NEA completes secondary sale of 26 portfolio companies for about $1 bln

New Enterprise Associates has completed a roughly $1 billion secondary sale of 26 portfolio companies in a deal designed to bring early liquidity to limited partners in four of its funds.

The transaction, done at a small discount, transferred the companies to NewView Capital, a firm managed by former NEA General Partner Ravi Viswanathan and backed by LPs, including Goldman Sachs and Hamilton Lane.

The deal is a milestone in venture capital in a number of ways but largely because it helps blaze a new path to secondary market liquidity for an industry where exits have been slow and companies have remained private longer. In the past, single LPs would turn to the secondary market to unload a position or several holdings.

The promise of an established method for a large-scale transfer of assets involving multiple LPs, and the restructuring of older funds to provide distributions, would prove useful and already has begun drawing more interest inside firms.

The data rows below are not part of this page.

lemma card_Int_UN_intervals_le:
  fixes S Z :: "nat set"
  assumes "finite S" "0 < L" "\<forall>t\<in>S. card (Z \<inter> {t+1..t+L}) \<le> c"
  shows "L * card (Z \<inter> (\<Union>t\<in>S. {t+1..t+L})) \<le> 2 * c * card (\<Union>t\<in>S. {t+1..t+L})"
  using assms(1,3)
proof (induction S rule: finite_psubset_induct)
  case (psubset S)
  show ?case
  proof (cases "S = {}")
    case False
    let ?s = "Max S"
    define T where "T = {t\<in>S. t + L \<le> ?s}"
    let ?UT = "\<Union>t\<in>T. {t+1..t+L}" and ?UR = "\<Union>t\<in>S - T. {t+1..t+L}"
      and ?U = "\<Union>t\<in>S. {t+1..t+L}"
    have sS: "?s \<in> S" using False psubset.hyps by simp
    have sR: "?s \<in> S - T" using sS assms(2) by (simp add: T_def)
    then have TS: "T \<subset> S" unfolding T_def by blast
    have "Max (S - T) = ?s" using psubset.hyps sR by (intro Max_eqI) auto
    have IH: "L * card (Z \<inter> ?UT) \<le> 2 * c * card ?UT"
      using psubset TS by (auto simp: T_def)
    have "card (Z \<inter> ?UR) \<le> 2 * c"
    proof (rule card_Int_UN_intervals_window)
      show "\<forall>t\<in>S - T. Max (S - T) < t + L"
        using \<open>Max (S - T) = ?s\<close> by (auto simp: T_def)
    qed (use psubset.hyps psubset.prems sR in auto)
    moreover have "?U = ?UT \<union> ?UR" using TS by blast
    then have "card (Z \<inter> ?U) \<le> card (Z \<inter> ?UT) + card (Z \<inter> ?UR)"
      by (simp add: Int_Un_distrib card_Un_le)
    ultimately have zeros: "card (Z \<inter> ?U) \<le> card (Z \<inter> ?UT) + 2 * c" by linarith
    have "?UT \<inter> {?s+1..?s+L} = {}" by (auto simp: T_def)
    moreover have "?UT \<union> {?s+1..?s+L} \<subseteq> ?U" using sS TS by auto
    moreover have "finite ?UT" "finite ?U" using psubset.hyps TS finite_subset by auto
    ultimately have size: "card ?UT + L \<le> card ?U"
      using card_mono[of ?U "?UT \<union> {?s+1..?s+L}"] by (simp add: card_Un_disjoint)
    have "L * card (Z \<inter> ?U) \<le> L * card (Z \<inter> ?UT) + 2 * c * L"
      using mult_le_mono2[OF zeros, of L] by (simp add: algebra_simps)
    also have "\<dots> \<le> 2 * c * (card ?UT + L)" using IH by (simp add: algebra_simps)
    also have "\<dots> \<le> 2 * c * card ?U" using size by simp
    finally show ?thesis .
  qed simp
qed
(* Let $n\ge 1$ and let $\varphi(x)$ be any finite Boolean combination of polynomial equations $t(x)=0$ and inequations $u(x)\neq 0$, with $t,u\in\mathbb{C}[x_1,\dots,x_n]$, in the variables $x\in\mathbb{C}^n$. Then there exist polynomials $p,q\in\mathbb{C}[a,b,x_1,\dots,x_n]$ (with $a,b$ single scalar variables) such that for all $x\in\mathbb{C}^n$: $$\varphi(x)\iff(\exists a\in\mathbb{C})(\forall b\in\mathbb{C})\;p(a,b,x)=0,$$ $$\varphi(x)\iff(\forall a\in\mathbb{C})(\exists b\in\mathbb{C})\;q(a,b,x)=0.$$
   Context: A Boolean combination of polynomial equations and inequations is a formula built from atomic formulas of the form $t(x)=0$ and $u(x)\neq 0$ (with $t,u$ polynomials in $x=(x_1,\dots,x_n)$) using finitely many applications of $\wedge,\vee,\neg$. *)

theory Defs
  imports Complex_Main
begin

text \<open>Multivariate polynomials over the complex numbers, represented as
  polynomial expressions in the variables X 0, X 1, ... .  Since the
  statement only concerns the polynomial functions they define (and over
  the infinite field of complex numbers polynomials and polynomial functions
  coincide), this is a faithful rendering of C[x_1,...,x_n].\<close>

datatype mpoly = Var nat | Const complex | Add mpoly mpoly | Mul mpoly mpoly

fun peval :: "mpoly \<Rightarrow> complex list \<Rightarrow> complex" where
  "peval (Var i) xs = xs ! i"
| "peval (Const c) xs = c"
| "peval (Add p q) xs = peval p xs + peval q xs"
| "peval (Mul p q) xs = peval p xs * peval q xs"

fun pvars :: "mpoly \<Rightarrow> nat set" where
  "pvars (Var i) = {i}"
| "pvars (Const c) = {}"
| "pvars (Add p q) = pvars p \<union> pvars q"
| "pvars (Mul p q) = pvars p \<union> pvars q"

datatype fm = Eq0 mpoly | Neq0 mpoly | FAnd fm fm | FOr fm fm | FNot fm

fun holds :: "fm \<Rightarrow> complex list \<Rightarrow> bool" where
  "holds (Eq0 t) xs = (peval t xs = 0)"
| "holds (Neq0 u) xs = (peval u xs \<noteq> 0)"
| "holds (FAnd f g) xs = (holds f xs \<and> holds g xs)"
| "holds (FOr f g) xs = (holds f xs \<or> holds g xs)"
| "holds (FNot f) xs = (\<not> holds f xs)"

fun fvars :: "fm \<Rightarrow> nat set" where
  "fvars (Eq0 t) = pvars t"
| "fvars (Neq0 u) = pvars u"
| "fvars (FAnd f g) = fvars f \<union> fvars g"
| "fvars (FOr f g) = fvars f \<union> fvars g"
| "fvars (FNot f) = fvars f"

end

theory Submission
  imports Defs "HOL-Computational_Algebra.Fundamental_Theorem_Algebra"
begin

text \<open>Bring \<phi> into disjunctive normal form, a disjunction of clauses
  t1 = 0 \<and> ... \<and> tk = 0 \<and> u \<noteq> 0.  For fixed a, the conditions
  \<forall>b. f(a,b,x) = 0 are closed under conjunction, via f(a,b^2,x) + b g(a,b^2,x)
  (even and odd part in b), and under disjunction, via f g, because \<complex>[b] is an
  integral domain.  So a clause is equivalent to \<exists>a \<forall>b of the conjunction of
  a u - 1 and the ti, and the whole disjunction to \<exists>a \<forall>b of the product of
  these polynomials.  For the \<forall>a \<exists>b form apply this to \<not>\<phi>, obtaining p', and
  note that b p'(a,b,x) - 1 has a root b unless p'(a,-,x) vanishes identically,
  by the fundamental theorem of algebra.\<close>

type_synonym clause = "mpoly list \<times> mpoly"

definition clause_holds :: "clause \<Rightarrow> complex list \<Rightarrow> bool" where
  "clause_holds c xs \<longleftrightarrow> (\<forall>t\<in>set (fst c). peval t xs = 0) \<and> peval (snd c) xs \<noteq> 0"

definition dnf_holds :: "clause list \<Rightarrow> complex list \<Rightarrow> bool" where
  "dnf_holds L xs \<longleftrightarrow> (\<exists>c\<in>set L. clause_holds c xs)"

definition clause_vars :: "clause \<Rightarrow> nat set" where
  "clause_vars c = \<Union>(pvars ` set (fst c)) \<union> pvars (snd c)"

definition dnf_vars :: "clause list \<Rightarrow> nat set" where
  "dnf_vars L = \<Union>(clause_vars ` set L)"

definition dnf_and :: "clause list \<Rightarrow> clause list \<Rightarrow> clause list" where
  "dnf_and L M = [(fst c @ fst d, Mul (snd c) (snd d)). c \<leftarrow> L, d \<leftarrow> M]"

lemma dnf_holds_and: "dnf_holds (dnf_and L M) xs \<longleftrightarrow> dnf_holds L xs \<and> dnf_holds M xs"
  by (auto simp: dnf_and_def dnf_holds_def clause_holds_def)

lemma dnf_vars_and: "dnf_vars (dnf_and L M) \<subseteq> dnf_vars L \<union> dnf_vars M"
  by (auto simp: dnf_and_def dnf_vars_def clause_vars_def)

definition clause_not :: "clause \<Rightarrow> clause list" where
  "clause_not c = ([snd c], Const 1) # [([], t). t \<leftarrow> fst c]"

lemma dnf_holds_clause_not: "dnf_holds (clause_not c) xs \<longleftrightarrow> \<not> clause_holds c xs"
  by (auto simp: clause_not_def dnf_holds_def clause_holds_def)

lemma dnf_vars_clause_not: "dnf_vars (clause_not c) = clause_vars c"
  by (auto simp: clause_not_def dnf_vars_def clause_vars_def)

fun dnf_not :: "clause list \<Rightarrow> clause list" where
  "dnf_not [] = [([], Const 1)]"
| "dnf_not (c # L) = dnf_and (clause_not c) (dnf_not L)"

lemma dnf_holds_not: "dnf_holds (dnf_not L) xs \<longleftrightarrow> \<not> dnf_holds L xs"
  by (induction L) (auto simp: dnf_holds_and dnf_holds_clause_not, auto simp: dnf_holds_def clause_holds_def)

lemma dnf_vars_not: "dnf_vars (dnf_not L) \<subseteq> dnf_vars L"
proof (induction L)
  case (Cons c L)
  have "dnf_vars (dnf_not (c # L)) \<subseteq> clause_vars c \<union> dnf_vars (dnf_not L)"
    using dnf_vars_and[of "clause_not c" "dnf_not L"] by (simp add: dnf_vars_clause_not)
  also have "\<dots> \<subseteq> dnf_vars (c # L)"
    using Cons.IH by (auto simp: dnf_vars_def)
  finally show ?case .
qed (simp add: dnf_vars_def clause_vars_def)

fun dnf_of :: "fm \<Rightarrow> clause list" where
  "dnf_of (Eq0 t) = [([t], Const 1)]"
| "dnf_of (Neq0 u) = [([], u)]"
| "dnf_of (FAnd f g) = dnf_and (dnf_of f) (dnf_of g)"
| "dnf_of (FOr f g) = dnf_of f @ dnf_of g"
| "dnf_of (FNot f) = dnf_not (dnf_of f)"

lemma dnf_holds_dnf_of: "dnf_holds (dnf_of \<phi>) xs \<longleftrightarrow> holds \<phi> xs"
  by (induction \<phi>) (auto simp: dnf_holds_and dnf_holds_not, auto simp: dnf_holds_def clause_holds_def)

lemma dnf_vars_dnf_of: "dnf_vars (dnf_of \<phi>) \<subseteq> fvars \<phi>"
proof (induction \<phi>)
  case (FAnd f g)
  then show ?case using dnf_vars_and[of "dnf_of f" "dnf_of g"] by auto
next
  case (FNot f)
  then show ?case using dnf_vars_not[of "dnf_of f"] by auto
next
  case (FOr f g)
  then show ?case by (auto simp: dnf_vars_def)
qed (auto simp: dnf_vars_def clause_vars_def)

fun poly_in_b :: "mpoly \<Rightarrow> complex \<Rightarrow> complex list \<Rightarrow> complex poly" where
  "poly_in_b (Var i) a xs = (if i = 0 then [:a:] else if i = 1 then [:0, 1:] else [:xs ! (i - 2):])"
| "poly_in_b (Const c) a xs = [:c:]"
| "poly_in_b (Add p q) a xs = poly_in_b p a xs + poly_in_b q a xs"
| "poly_in_b (Mul p q) a xs = poly_in_b p a xs * poly_in_b q a xs"

lemma poly_poly_in_b: "poly (poly_in_b p a xs) b = peval p (a # b # xs)"
proof (induction p)
  case (Var i)
  then show ?case by (cases i; cases "i - 1"; auto)
qed auto

definition vanishes_in_b :: "mpoly \<Rightarrow> complex \<Rightarrow> complex list \<Rightarrow> bool" where
  "vanishes_in_b p a xs \<longleftrightarrow> (\<forall>b. peval p (a # b # xs) = 0)"

lemma vanishes_in_b_iff_poly_in_b_eq_0: "vanishes_in_b p a xs \<longleftrightarrow> poly_in_b p a xs = 0"
  by (metis vanishes_in_b_def poly_poly_in_b poly_all_0_iff_0)

lemma vanishes_in_b_Mul:
  "vanishes_in_b (Mul p q) a xs \<longleftrightarrow> vanishes_in_b p a xs \<or> vanishes_in_b q a xs"
  by (simp add: vanishes_in_b_iff_poly_in_b_eq_0)

fun subst_sq :: "mpoly \<Rightarrow> mpoly" where
  "subst_sq (Var i) = (if i = 1 then Mul (Var 1) (Var 1) else Var i)"
| "subst_sq (Const c) = Const c"
| "subst_sq (Add p q) = Add (subst_sq p) (subst_sq q)"
| "subst_sq (Mul p q) = Mul (subst_sq p) (subst_sq q)"

lemma peval_subst_sq: "peval (subst_sq p) (a # b # xs) = peval p (a # b^2 # xs)"
proof (induction p)
  case (Var i)
  then show ?case by (cases i; cases "i - 1"; auto simp: power2_eq_square)
qed auto

lemma pvars_subst_sq: "pvars (subst_sq p) \<subseteq> insert 1 (pvars p)"
  by (induction p) auto

lemma vanishes_in_b_subst_sq: "vanishes_in_b (subst_sq p) a xs \<longleftrightarrow> vanishes_in_b p a xs"
  unfolding vanishes_in_b_def peval_subst_sq by (metis power2_csqrt)

definition and_in_b :: "mpoly \<Rightarrow> mpoly \<Rightarrow> mpoly" where
  "and_in_b p q = Add (subst_sq p) (Mul (Var 1) (subst_sq q))"

lemma vanishes_in_b_and:
  "vanishes_in_b (and_in_b p q) a xs \<longleftrightarrow> vanishes_in_b p a xs \<and> vanishes_in_b q a xs"
proof
  assume "vanishes_in_b (and_in_b p q) a xs"
  then have sum: "peval (subst_sq p) (a # b # xs) + b * peval (subst_sq q) (a # b # xs) = 0" for b
    by (simp add: vanishes_in_b_def and_in_b_def)
  have even: "peval (subst_sq r) (a # - b # xs) = peval (subst_sq r) (a # b # xs)" for r b
    by (simp add: peval_subst_sq)
  have "peval (subst_sq p) (a # b # xs) = 0 \<and> b * peval (subst_sq q) (a # b # xs) = 0" for b
    using sum[of b] sum[of "- b"] by (simp add: even)
  then have "vanishes_in_b (subst_sq p) a xs" "vanishes_in_b (Mul (Var 1) (subst_sq q)) a xs"
    by (simp_all add: vanishes_in_b_def)
  moreover have "\<not> vanishes_in_b (Var 1) a xs"
    by (auto simp: vanishes_in_b_def intro: exI[of _ 1])
  ultimately show "vanishes_in_b p a xs \<and> vanishes_in_b q a xs"
    by (simp add: vanishes_in_b_Mul vanishes_in_b_subst_sq)
next
  assume "vanishes_in_b p a xs \<and> vanishes_in_b q a xs"
  then show "vanishes_in_b (and_in_b p q) a xs"
    by (simp add: vanishes_in_b_def and_in_b_def peval_subst_sq)
qed

lemma pvars_and_in_b: "pvars (and_in_b p q) \<subseteq> insert 1 (pvars p \<union> pvars q)"
  using pvars_subst_sq[of p] pvars_subst_sq[of q] by (auto simp: and_in_b_def)

fun and_all_in_b :: "mpoly list \<Rightarrow> mpoly" where
  "and_all_in_b [] = Const 0"
| "and_all_in_b (p # ps) = and_in_b p (and_all_in_b ps)"

lemma vanishes_in_b_and_all:
  "vanishes_in_b (and_all_in_b ps) a xs \<longleftrightarrow> (\<forall>p\<in>set ps. vanishes_in_b p a xs)"
  by (induction ps) (auto simp: vanishes_in_b_and, simp add: vanishes_in_b_def)

lemma pvars_and_all_in_b: "pvars (and_all_in_b ps) \<subseteq> insert 1 (\<Union>(pvars ` set ps))"
  by (induction ps) (use pvars_and_in_b in fastforce)+

fun mprod :: "mpoly list \<Rightarrow> mpoly" where
  "mprod [] = Const 1"
| "mprod (p # ps) = Mul p (mprod ps)"

lemma vanishes_in_b_mprod:
  "vanishes_in_b (mprod ps) a xs \<longleftrightarrow> (\<exists>p\<in>set ps. vanishes_in_b p a xs)"
  by (induction ps) (auto simp: vanishes_in_b_Mul, simp add: vanishes_in_b_def)

lemma pvars_mprod: "pvars (mprod ps) = \<Union>(pvars ` set ps)"
  by (induction ps) auto

definition recip :: "nat \<Rightarrow> mpoly \<Rightarrow> mpoly" where
  "recip i p = Add (Mul (Var i) p) (Const (-1))"

lemma peval_recip_eq_0: "peval (recip i p) xs = 0 \<longleftrightarrow> xs ! i * peval p xs = 1"
  by (simp add: recip_def)

lemma pvars_recip: "pvars (recip i p) = insert i (pvars p)"
  by (simp add: recip_def)

lemma ex_root_recip_in_b: "(\<exists>b. peval (recip 1 p) (a # b # xs) = 0) \<longleftrightarrow> \<not> vanishes_in_b p a xs"
proof
  assume "\<exists>b. peval (recip 1 p) (a # b # xs) = 0"
  then obtain b where "b * peval p (a # b # xs) = 1"
    by (auto simp: peval_recip_eq_0)
  then show "\<not> vanishes_in_b p a xs"
    by (metis vanishes_in_b_def mult_zero_right zero_neq_one)
next
  assume "\<not> vanishes_in_b p a xs"
  then have "poly_in_b p a xs \<noteq> 0"
    by (simp add: vanishes_in_b_iff_poly_in_b_eq_0)
  then obtain b where "poly (pCons (-1) (poly_in_b p a xs)) b = 0"
    using fundamental_theorem_of_algebra_alt by (metis pCons_eq_iff)
  then show "\<exists>b. peval (recip 1 p) (a # b # xs) = 0"
    by (auto simp: recip_def poly_poly_in_b)
qed

fun shift :: "mpoly \<Rightarrow> mpoly" where
  "shift (Var i) = Var (i + 2)"
| "shift (Const c) = Const c"
| "shift (Add p q) = Add (shift p) (shift q)"
| "shift (Mul p q) = Mul (shift p) (shift q)"

lemma peval_shift: "peval (shift p) (a # b # xs) = peval p xs"
  by (induction p) auto

lemma pvars_shift: "pvars (shift p) = (\<lambda>i. i + 2) ` pvars p"
  by (induction p) auto

definition clause_poly :: "clause \<Rightarrow> mpoly" where
  "clause_poly c = and_all_in_b (recip 0 (shift (snd c)) # map shift (fst c))"

lemma ex_vanishes_in_b_clause_poly:
  "(\<exists>a. vanishes_in_b (clause_poly c) a xs) \<longleftrightarrow> clause_holds c xs"
proof -
  have "vanishes_in_b (clause_poly c) a xs \<longleftrightarrow>
      a * peval (snd c) xs = 1 \<and> (\<forall>t\<in>set (fst c). peval t xs = 0)" for a
    unfolding clause_poly_def vanishes_in_b_and_all
    by (simp add: vanishes_in_b_def peval_recip_eq_0 peval_shift)
  then show ?thesis
    by (metis clause_holds_def mult_not_zero zero_neq_one field_class.field_inverse mult.commute)
qed

lemma pvars_clause_poly: "pvars (clause_poly c) \<subseteq> {0, 1} \<union> (\<lambda>i. i + 2) ` clause_vars c"
  using pvars_and_all_in_b[of "recip 0 (shift (snd c)) # map shift (fst c)"]
  by (auto simp: clause_poly_def clause_vars_def pvars_recip pvars_shift)

definition dnf_poly :: "clause list \<Rightarrow> mpoly" where
  "dnf_poly L = mprod (map clause_poly L)"

lemma ex_vanishes_in_b_dnf_poly: "(\<exists>a. vanishes_in_b (dnf_poly L) a xs) \<longleftrightarrow> dnf_holds L xs"
  by (auto simp: dnf_poly_def vanishes_in_b_mprod dnf_holds_def
      simp flip: ex_vanishes_in_b_clause_poly)

lemma pvars_dnf_poly: "pvars (dnf_poly L) \<subseteq> {0, 1} \<union> (\<lambda>i. i + 2) ` dnf_vars L"
  using pvars_clause_poly by (fastforce simp: dnf_poly_def pvars_mprod dnf_vars_def)

theorem theorem1p1:
  fixes n :: nat and \<phi> :: fm
  assumes "n \<ge> 1"
    and "fvars \<phi> \<subseteq> {..<n}"
  shows "\<exists>p q. pvars p \<subseteq> {..<n+2} \<and> pvars q \<subseteq> {..<n+2} \<and>
    (\<forall>xs. length xs = n \<longrightarrow>
       (holds \<phi> xs \<longleftrightarrow> (\<exists>a. \<forall>b. peval p (a # b # xs) = 0)) \<and>
       (holds \<phi> xs \<longleftrightarrow> (\<forall>a. \<exists>b. peval q (a # b # xs) = 0)))"
proof -
  define p where "p = dnf_poly (dnf_of \<phi>)"
  define p' where "p' = dnf_poly (dnf_of (FNot \<phi>))"
  define q where "q = recip 1 p'"
  have bound: "pvars (dnf_poly (dnf_of \<psi>)) \<subseteq> {..<n+2}" if "fvars \<psi> \<subseteq> {..<n}" for \<psi>
    using pvars_dnf_poly[of "dnf_of \<psi>"] dnf_vars_dnf_of[of \<psi>] that by fastforce
  have "pvars p \<subseteq> {..<n+2}"
    unfolding p_def using bound assms(2) .
  moreover have "pvars q \<subseteq> {..<n+2}"
    unfolding q_def p'_def pvars_recip using bound[of "FNot \<phi>"] assms(2) by simp
  moreover have "holds \<phi> xs \<longleftrightarrow> (\<exists>a. \<forall>b. peval p (a # b # xs) = 0)" for xs
    using ex_vanishes_in_b_dnf_poly[of "dnf_of \<phi>" xs]
    by (simp add: p_def dnf_holds_dnf_of vanishes_in_b_def)
  moreover have "holds \<phi> xs \<longleftrightarrow> (\<forall>a. \<exists>b. peval q (a # b # xs) = 0)" for xs
  proof -
    have "\<not> holds \<phi> xs \<longleftrightarrow> (\<exists>a. vanishes_in_b p' a xs)"
      by (simp add: p'_def ex_vanishes_in_b_dnf_poly dnf_holds_not dnf_holds_dnf_of)
    then show ?thesis
      unfolding q_def ex_root_recip_in_b by blast
  qed
  ultimately show ?thesis by blast
qed

end
theorem lemma5p2:
  fixes Q :: "'a set" and m :: "'a \<Rightarrow> 'a \<Rightarrow> 'a" and e :: 'a
    and p :: nat and K L :: "('a \<Rightarrow> 'a) set"
  assumes "Factorial_Ring.prime p" and "odd p"
    and "is_RCC_loop Q m e" and "finite Q" and "card Q = 2 * p"
    and "subgroup K (env_G Q m)"
    and "env_H Q m e \<subset> K" and "K \<subset> carrier (env_G Q m)"
    and "card (rcosets\<^bsub>env_G Q m\<^esub> K) = 2"
    and "card (rcosets\<^bsub>(env_G Q m)\<lparr>carrier := K\<rparr>\<^esub> (env_H Q m e)) = p"
    and "subgroup L (env_G Q m)" and "L \<subseteq> env_H Q m e"
    and "L \<lhd> (env_G Q m)\<lparr>carrier := K\<rparr>"
  shows "\<forall>a \<in> carrier (env_G Q m) - K.
           (let La = (inv\<^bsub>env_G Q m\<^esub> a <#\<^bsub>env_G Q m\<^esub> L) #>\<^bsub>env_G Q m\<^esub> a in
              L \<inter> La = {\<one>\<^bsub>env_G Q m\<^esub>}
            \<and> (\<forall>x\<in>L. \<forall>y\<in>La. x \<otimes>\<^bsub>env_G Q m\<^esub> y = y \<otimes>\<^bsub>env_G Q m\<^esub> x)
            \<and> L <#>\<^bsub>env_G Q m\<^esub> La \<lhd> env_G Q m)"
proof
  fix a assume a: "a \<in> carrier (env_G Q m) - K"
  have loop: "is_loop Q m e"
    using assms(3) unfolding is_RCC_loop_def by blast
  have conjugates: "index_two_conjugates (env_G Q m) K L a"
    using group_env_G[OF loop] assms(6,9,13) a
    by (intro index_two_conjugates.intro index_two_conjugates_axioms.intro) auto
  have core_free: "\<And>N. N \<lhd> env_G Q m \<Longrightarrow> N \<subseteq> L \<Longrightarrow> N = {\<one>\<^bsub>env_G Q m\<^esub>}"
    using env_H_core_free[OF loop] assms(12) by blast
  show "let La = (inv\<^bsub>env_G Q m\<^esub> a <#\<^bsub>env_G Q m\<^esub> L) #>\<^bsub>env_G Q m\<^esub> a in
      L \<inter> La = {\<one>\<^bsub>env_G Q m\<^esub>}
      \<and> (\<forall>x\<in>L. \<forall>y\<in>La. x \<otimes>\<^bsub>env_G Q m\<^esub> y = y \<otimes>\<^bsub>env_G Q m\<^esub> x)
      \<and> L <#>\<^bsub>env_G Q m\<^esub> La \<lhd> env_G Q m"
    unfolding Let_def by (rule index_two_conjugates.direct_product_L_La[OF conjugates core_free])
qed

“It’s never been done at this scale in venture,” said Viswanathan, who is a managing partner at NewView. “People view this as something that could become more mainstream in venture over the next five to 10 years.”

Among the 26 mid- and late-stage companies involved in the transaction are 23andMe, Duolingo, Acquia, Canopy, GumGum, Forter, ClearMotion and Uber, according to NewView’s website. NewView’s maiden fund, which closed several weeks ago, raised $1.35 billion to both cover the transaction and provide roughly $350 million of follow-on financing and new investments.

Viswanathan said the deal involved a third-party assessment of the companies’ value and that pricing in the deal was agreed to at “not a large discount.” He declined to be more specific.

Buyouts Insider, publisher of VCJ, reported in October that pricing was at a low 90 percent of net asset value.

The portfolio is made up of high-quality companies with material upside that require more time and resources, Viswanathan said. NewView has taken board seats at some of them.

The NEA funds selling the companies include primarily New Enterprise Associates 12 from 2006, New Enterprise Associates 13 from 2009, and New Enterprise Associates 14 from 2012, but also New Enterprise Associates 15 from 2015. The funds will continue to exist at the firm with their remaining portfolio companies.

For NEA, the transaction beings several advantages. Along with enhancing distributions that might have taken several more years to achieve, it reduces company count in the funds, lessens board responsibilities at the firm and provides a mechanism for portfolio management.

“There’s a lot of congestion on the road to liquidity,” said NEA Managing General Partner Scott Sandell in a press statement. “Market dynamics are compelling companies to stay private longer, which creates growing demand for follow-on dollars and stretches investor holding periods to a decade or more.”

The deal also brought flexibility to LPs. Among NewView’s LPs are investors who were original investors in the four NEA’s funds and who decided to continue backing the portfolio by participating in the NewView fund.

Viswanathan said he plans to raise additional funds to continue seeking assets through fund restructurings.

“I think there is a significant opportunity,” he said.